> [Exercise aim]
Which lines mention "True"? Show each one from the listing.

□ □ □ □ □

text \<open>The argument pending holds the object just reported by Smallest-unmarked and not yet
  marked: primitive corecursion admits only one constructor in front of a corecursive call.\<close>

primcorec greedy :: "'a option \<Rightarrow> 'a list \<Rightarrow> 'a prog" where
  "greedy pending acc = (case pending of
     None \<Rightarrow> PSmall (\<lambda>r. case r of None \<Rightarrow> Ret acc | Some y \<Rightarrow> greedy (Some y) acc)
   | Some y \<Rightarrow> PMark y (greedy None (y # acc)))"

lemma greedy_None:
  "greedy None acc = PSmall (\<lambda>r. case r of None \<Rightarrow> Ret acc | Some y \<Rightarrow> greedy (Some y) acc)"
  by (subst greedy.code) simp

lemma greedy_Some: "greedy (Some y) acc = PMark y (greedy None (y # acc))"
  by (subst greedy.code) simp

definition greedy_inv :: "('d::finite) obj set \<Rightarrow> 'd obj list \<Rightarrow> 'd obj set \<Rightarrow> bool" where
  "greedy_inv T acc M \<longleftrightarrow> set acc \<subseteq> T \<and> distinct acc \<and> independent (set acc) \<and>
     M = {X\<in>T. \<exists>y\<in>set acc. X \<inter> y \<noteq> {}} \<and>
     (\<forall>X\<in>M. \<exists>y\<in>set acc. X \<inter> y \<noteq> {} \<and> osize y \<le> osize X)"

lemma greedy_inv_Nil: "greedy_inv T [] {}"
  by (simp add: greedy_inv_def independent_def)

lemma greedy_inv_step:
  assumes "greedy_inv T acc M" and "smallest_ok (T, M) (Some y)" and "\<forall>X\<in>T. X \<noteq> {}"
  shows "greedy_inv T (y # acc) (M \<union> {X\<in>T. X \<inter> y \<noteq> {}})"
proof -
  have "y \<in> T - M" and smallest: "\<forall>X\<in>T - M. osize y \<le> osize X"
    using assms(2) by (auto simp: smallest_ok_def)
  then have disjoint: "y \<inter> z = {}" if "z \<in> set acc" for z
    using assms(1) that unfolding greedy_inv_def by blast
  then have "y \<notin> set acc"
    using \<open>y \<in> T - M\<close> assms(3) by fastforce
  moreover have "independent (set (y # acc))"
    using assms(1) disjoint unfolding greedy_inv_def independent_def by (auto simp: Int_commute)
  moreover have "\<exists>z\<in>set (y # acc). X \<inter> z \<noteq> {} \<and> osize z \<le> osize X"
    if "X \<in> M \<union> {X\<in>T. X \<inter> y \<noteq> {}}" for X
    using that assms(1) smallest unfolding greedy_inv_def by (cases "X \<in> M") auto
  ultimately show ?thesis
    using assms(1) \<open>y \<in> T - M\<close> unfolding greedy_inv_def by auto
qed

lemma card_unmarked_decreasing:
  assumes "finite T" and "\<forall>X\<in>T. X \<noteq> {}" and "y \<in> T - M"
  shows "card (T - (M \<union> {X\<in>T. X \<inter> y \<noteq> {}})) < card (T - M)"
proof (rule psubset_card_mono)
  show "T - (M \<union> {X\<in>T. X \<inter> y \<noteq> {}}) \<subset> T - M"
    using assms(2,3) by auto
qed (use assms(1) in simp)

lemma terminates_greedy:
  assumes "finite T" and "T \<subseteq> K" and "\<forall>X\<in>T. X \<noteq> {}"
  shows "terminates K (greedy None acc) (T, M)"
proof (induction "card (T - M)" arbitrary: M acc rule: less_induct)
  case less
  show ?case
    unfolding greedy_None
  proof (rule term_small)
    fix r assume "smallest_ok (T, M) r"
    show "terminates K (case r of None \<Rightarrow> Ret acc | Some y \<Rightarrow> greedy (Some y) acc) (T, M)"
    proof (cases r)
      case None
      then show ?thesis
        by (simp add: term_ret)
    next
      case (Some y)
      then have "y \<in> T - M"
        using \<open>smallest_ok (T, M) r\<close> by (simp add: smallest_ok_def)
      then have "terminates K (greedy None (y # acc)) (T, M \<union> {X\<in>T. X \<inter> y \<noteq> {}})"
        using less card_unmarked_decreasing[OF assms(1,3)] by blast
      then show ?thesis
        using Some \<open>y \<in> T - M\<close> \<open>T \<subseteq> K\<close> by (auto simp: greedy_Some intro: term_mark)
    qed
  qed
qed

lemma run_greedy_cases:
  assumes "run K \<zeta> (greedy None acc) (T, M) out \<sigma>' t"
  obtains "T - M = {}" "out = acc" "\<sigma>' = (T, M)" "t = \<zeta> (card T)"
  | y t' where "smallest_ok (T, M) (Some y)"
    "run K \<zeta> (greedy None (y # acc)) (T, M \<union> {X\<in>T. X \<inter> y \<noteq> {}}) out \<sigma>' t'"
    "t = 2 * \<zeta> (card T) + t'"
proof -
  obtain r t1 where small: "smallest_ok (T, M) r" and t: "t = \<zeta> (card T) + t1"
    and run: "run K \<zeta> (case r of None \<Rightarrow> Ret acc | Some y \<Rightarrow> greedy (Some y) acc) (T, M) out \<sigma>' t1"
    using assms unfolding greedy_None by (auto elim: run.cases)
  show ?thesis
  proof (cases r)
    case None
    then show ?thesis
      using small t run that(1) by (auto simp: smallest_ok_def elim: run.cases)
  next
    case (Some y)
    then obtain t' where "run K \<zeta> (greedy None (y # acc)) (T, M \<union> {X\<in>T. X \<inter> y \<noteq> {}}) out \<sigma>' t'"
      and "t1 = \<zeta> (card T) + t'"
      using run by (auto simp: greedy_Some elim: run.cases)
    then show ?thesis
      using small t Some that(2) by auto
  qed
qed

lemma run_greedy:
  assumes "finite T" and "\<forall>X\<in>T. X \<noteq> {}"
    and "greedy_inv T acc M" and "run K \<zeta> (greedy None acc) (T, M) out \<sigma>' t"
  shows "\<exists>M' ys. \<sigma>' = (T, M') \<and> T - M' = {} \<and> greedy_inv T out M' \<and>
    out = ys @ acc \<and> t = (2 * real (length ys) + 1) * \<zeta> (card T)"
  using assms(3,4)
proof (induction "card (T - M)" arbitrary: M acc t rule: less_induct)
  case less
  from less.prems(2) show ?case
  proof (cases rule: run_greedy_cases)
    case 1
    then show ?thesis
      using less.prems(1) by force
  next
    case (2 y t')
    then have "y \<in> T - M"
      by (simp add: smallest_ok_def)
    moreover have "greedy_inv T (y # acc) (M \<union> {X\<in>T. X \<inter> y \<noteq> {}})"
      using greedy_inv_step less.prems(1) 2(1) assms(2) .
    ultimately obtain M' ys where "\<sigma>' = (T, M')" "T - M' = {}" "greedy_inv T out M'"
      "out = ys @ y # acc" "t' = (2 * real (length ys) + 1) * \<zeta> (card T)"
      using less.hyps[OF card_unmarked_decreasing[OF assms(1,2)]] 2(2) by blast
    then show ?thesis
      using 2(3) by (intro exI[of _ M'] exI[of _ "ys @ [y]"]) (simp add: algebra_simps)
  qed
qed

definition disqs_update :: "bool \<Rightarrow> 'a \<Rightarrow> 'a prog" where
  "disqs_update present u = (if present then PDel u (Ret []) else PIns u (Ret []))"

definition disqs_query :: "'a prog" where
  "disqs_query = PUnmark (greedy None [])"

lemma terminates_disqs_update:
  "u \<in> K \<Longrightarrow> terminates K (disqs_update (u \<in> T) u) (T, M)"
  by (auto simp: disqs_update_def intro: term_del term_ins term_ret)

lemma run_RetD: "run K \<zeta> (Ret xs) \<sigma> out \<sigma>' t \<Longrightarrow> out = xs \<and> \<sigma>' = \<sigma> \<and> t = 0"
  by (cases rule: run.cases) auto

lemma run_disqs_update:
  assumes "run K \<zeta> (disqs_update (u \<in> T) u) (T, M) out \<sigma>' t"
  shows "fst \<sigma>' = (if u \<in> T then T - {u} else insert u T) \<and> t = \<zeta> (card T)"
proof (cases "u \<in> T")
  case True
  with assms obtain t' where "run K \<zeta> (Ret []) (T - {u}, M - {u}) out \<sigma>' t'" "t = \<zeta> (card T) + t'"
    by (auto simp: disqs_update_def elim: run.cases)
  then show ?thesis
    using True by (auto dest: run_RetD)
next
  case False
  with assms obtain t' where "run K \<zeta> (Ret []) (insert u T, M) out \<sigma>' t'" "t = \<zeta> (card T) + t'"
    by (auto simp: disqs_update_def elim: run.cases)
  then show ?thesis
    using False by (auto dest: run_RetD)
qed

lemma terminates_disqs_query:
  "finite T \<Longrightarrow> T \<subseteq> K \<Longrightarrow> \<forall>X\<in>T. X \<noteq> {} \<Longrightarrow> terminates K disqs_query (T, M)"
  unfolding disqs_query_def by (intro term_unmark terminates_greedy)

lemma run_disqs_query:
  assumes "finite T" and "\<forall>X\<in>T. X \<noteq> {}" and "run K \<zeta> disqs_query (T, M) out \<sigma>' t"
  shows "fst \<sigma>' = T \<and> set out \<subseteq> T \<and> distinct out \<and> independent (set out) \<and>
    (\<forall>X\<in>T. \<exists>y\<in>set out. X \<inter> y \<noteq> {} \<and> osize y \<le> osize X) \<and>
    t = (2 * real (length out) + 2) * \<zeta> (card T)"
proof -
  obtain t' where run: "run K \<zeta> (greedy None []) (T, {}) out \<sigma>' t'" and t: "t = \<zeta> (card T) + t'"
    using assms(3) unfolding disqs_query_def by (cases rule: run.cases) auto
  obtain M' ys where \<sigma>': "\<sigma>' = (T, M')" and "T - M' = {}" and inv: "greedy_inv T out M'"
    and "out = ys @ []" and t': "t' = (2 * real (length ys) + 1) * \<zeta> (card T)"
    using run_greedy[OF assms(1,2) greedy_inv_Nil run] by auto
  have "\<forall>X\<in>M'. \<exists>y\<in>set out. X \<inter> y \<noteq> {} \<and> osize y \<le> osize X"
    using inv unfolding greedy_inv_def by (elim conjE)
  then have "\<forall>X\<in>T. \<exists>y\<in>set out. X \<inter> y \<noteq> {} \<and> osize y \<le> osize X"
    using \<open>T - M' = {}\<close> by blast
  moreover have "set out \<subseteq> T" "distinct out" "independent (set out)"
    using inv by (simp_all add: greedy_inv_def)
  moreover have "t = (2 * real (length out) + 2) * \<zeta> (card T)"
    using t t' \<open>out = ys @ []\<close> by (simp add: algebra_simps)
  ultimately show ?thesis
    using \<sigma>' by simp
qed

□ □ □ □ □

> [Solution for this task]
  case True
    using True by (auto dest: run_RetD)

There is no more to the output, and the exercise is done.